# Another Ohio newbie



## flieger67 (Nov 16, 2010)

Greetings, all.

Over the past few months, my wife and I have decided to take up archery. Except for a few experiences as children, neither of us have shot a bow since. However, with the help of a friend who introduced to handguns and rifles earlier this year, we are now ready to start archery.

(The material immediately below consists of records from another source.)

(* For each $n\ge1$ there is a bijection $\psi'$ from the set of plane trees with $n$ edges to $\mathfrak S_n(132)$ such that, for every such tree $T$ and $\pi=\psi'(T)$: (1) the number of young leaves of $T$ equals the number of double ascents of $\pi(n+1)=(\pi_1,\dots,\pi_n,n+1)$; (2) the number of old leaves of $T$ equals the number of ascending runs of $\pi(n+1)$.
   Context: A plane tree is a rooted tree in which the children of each vertex are linearly ordered. A leaf is a vertex with no children; the one-vertex tree has no leaves. A leaf is old if it is the leftmost child of its parent, young otherwise. $\mathfrak S_n(132)$ is the set of permutations of $\{1,\dots,n\}$ with no indices $a<b<c$ such that $\pi_a<\pi_c<\pi_b$. For a sequence $\sigma$, a double ascent is an index $i$ with $\sigma_i<\sigma_{i+1}<\sigma_{i+2}$, and an ascending run is a maximal increasing sequence $\sigma_i<\sigma_{i+1}<\cdots<\sigma_{i+k}$ of consecutive entries with $k\ge1$. *)

theory Defs
  imports Main
begin

datatype ptree = Node "ptree list"

primrec edges :: "ptree \<Rightarrow> nat" where
  "edges (Node ts) = length ts + sum_list (map edges ts)"

text \<open>A leaf is a (necessarily non-root) vertex with no children; the root of the
one-vertex tree is not a leaf. It is old if it is the leftmost child of its parent,
young otherwise.\<close>
primrec old_leaves :: "ptree \<Rightarrow> nat" where
  "old_leaves (Node ts) =
     (case ts of [] \<Rightarrow> 0 | t # _ \<Rightarrow> (if t = Node [] then 1 else 0))
     + sum_list (map old_leaves ts)"

primrec young_leaves :: "ptree \<Rightarrow> nat" where
  "young_leaves (Node ts) =
     length (filter (\<lambda>t. t = Node []) (drop 1 ts))
     + sum_list (map young_leaves ts)"

definition av132 :: "nat \<Rightarrow> nat list set" where
  "av132 n = {\<pi>. length \<pi> = n \<and> distinct \<pi> \<and> set \<pi> = {1..n} \<and>
      \<not> (\<exists>a b c. a < b \<and> b < c \<and> c < n \<and> \<pi> ! a < \<pi> ! c \<and> \<pi> ! c < \<pi> ! b)}"

definition double_ascents :: "nat list \<Rightarrow> nat" where
  "double_ascents \<sigma> = card {i. i + 2 < length \<sigma> \<and> \<sigma> ! i < \<sigma> ! (i+1) \<and> \<sigma> ! (i+1) < \<sigma> ! (i+2)}"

Our friend/mentor is an avid bowhunter so we feel fortunate to have him as our guide.

I discovered Archery Talk last night and I look forward to learning from everyone here as we get started. 

So sign me as the "expert novice", somewhere in Ohio. :wink:


----------



## Dthbyhoyt (Dec 4, 2004)

:welcome: 2 ArcheryTalk


----------



## BowArmory (Jun 21, 2010)

*Welcome to AT !!!*


----------



## Tim Roberts (Jul 13, 2002)

:wav: :yo: *G'day.*







to *Archery Talk* flieger67. Have fun here.


----------



## flieger67 (Nov 16, 2010)

Thank you for the welcome messages. It's nice to see the positive outreach to newbies.


----------



## Tommy83 (Aug 7, 2010)

Welcome from NE Ohio! This has become one of my favorite sites in the past year. Great info, great people and lots of learning. And a dangerous classifieds section. (dangerous to your bank account...)


----------



## buckchaser86 (Jun 10, 2009)

Welcome to AT!!!


----------



## bushmasterar15 (Oct 23, 2004)

Welcome to Archery Talk.


----------



## soldiergirl81 (Sep 29, 2010)

Welcome to AT!! :welcomesign:


----------



## cheezy poofs (Nov 18, 2010)

hello


----------



## Baz59 (Feb 17, 2003)

Welcom to AT for Southern Ohio!


----------



## rycountryboy (Feb 21, 2008)

*:welcome: to AT*


----------